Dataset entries
(* Let $\theta\ge0$, $\omega\in\mathbb R$, $a\in\mathbb R$. For every polynomial $f$, $$\bigl(\exp(a\Delta_{\theta,\omega})f\bigr)(z)=\bigl(\exp(\omega^{-1}(e^{a\omega}-1)\Delta_\theta)f\bigr)(e^{a\omega}z),$$ where all operator exponentials are defined by their (here finite) power series; i.e. $\exp(a\Delta_{\theta,\omega})=\exp(a\omega zD)\exp(\omega^{-1}(e^{a\omega}-1)\Delta_\theta)$ on polynomials.
   Context: $D=d/dz$, $\Delta_{\theta,\omega}=(\theta+\omega z)D+zD^2$, $\Delta_\theta=(\theta+zD)D$; $\exp(\gamma A)f=\sum_{k\ge0}\frac{\gamma^k}{k!}A^kf$, and $\exp(\gamma zD)f(z)=f(e^\gamma z)$. For $\omega=0$, $\omega^{-1}(e^{a\omega}-1)$ means $a$. *)

theory Defs
  imports "HOL-Analysis.Analysis" "HOL-Computational_Algebra.Polynomial"
begin

text \<open>Operators on polynomials (complex coefficients, variable z).
  D = pderiv, multiplication by z = multiplication by [:0,1:].\<close>

definition Delta_tw :: "real \<Rightarrow> real \<Rightarrow> complex poly \<Rightarrow> complex poly" where
  "Delta_tw \<theta> \<omega> f =
     smult (complex_of_real \<theta>) (pderiv f)
   + smult (complex_of_real \<omega>) ([:0, 1:] * pderiv f)
   + [:0, 1:] * pderiv (pderiv f)"

definition Delta_t :: "real \<Rightarrow> complex poly \<Rightarrow> complex poly" where
  "Delta_t \<theta> f = smult (complex_of_real \<theta>) (pderiv f) + [:0, 1:] * pderiv (pderiv f)"

definition op_exp_term :: "real \<Rightarrow> (complex poly \<Rightarrow> complex poly) \<Rightarrow> complex poly \<Rightarrow> complex \<Rightarrow> nat \<Rightarrow> complex" where
  "op_exp_term \<gamma> A f z k = complex_of_real (\<gamma> ^ k / fact k) * poly ((A ^^ k) f) z"

definition op_exp :: "real \<Rightarrow> (complex poly \<Rightarrow> complex poly) \<Rightarrow> complex poly \<Rightarrow> complex \<Rightarrow> complex" where
  "op_exp \<gamma> A f z = (\<Sum>k. op_exp_term \<gamma> A f z k)"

### Exercise:
When you reach the line containing "means $a$. *)" in the data above, start copying exactly, and stop after the line containing "text \<open>Operators on".

### Answer:
   Context: $D=d/dz$, $\Delta_{\theta,\omega}=(\theta+\omega z)D+zD^2$, $\Delta_\theta=(\theta+zD)D$; $\exp(\gamma A)f=\sum_{k\ge0}\frac{\gamma^k}{k!}A^kf$, and $\exp(\gamma zD)f(z)=f(e^\gamma z)$. For $\omega=0$, $\omega^{-1}(e^{a\omega}-1)$ means $a$. *)

theory Defs
  imports "HOL-Analysis.Analysis" "HOL-Computational_Algebra.Polynomial"
begin

text \<open>Operators on polynomials (complex coefficients, variable z).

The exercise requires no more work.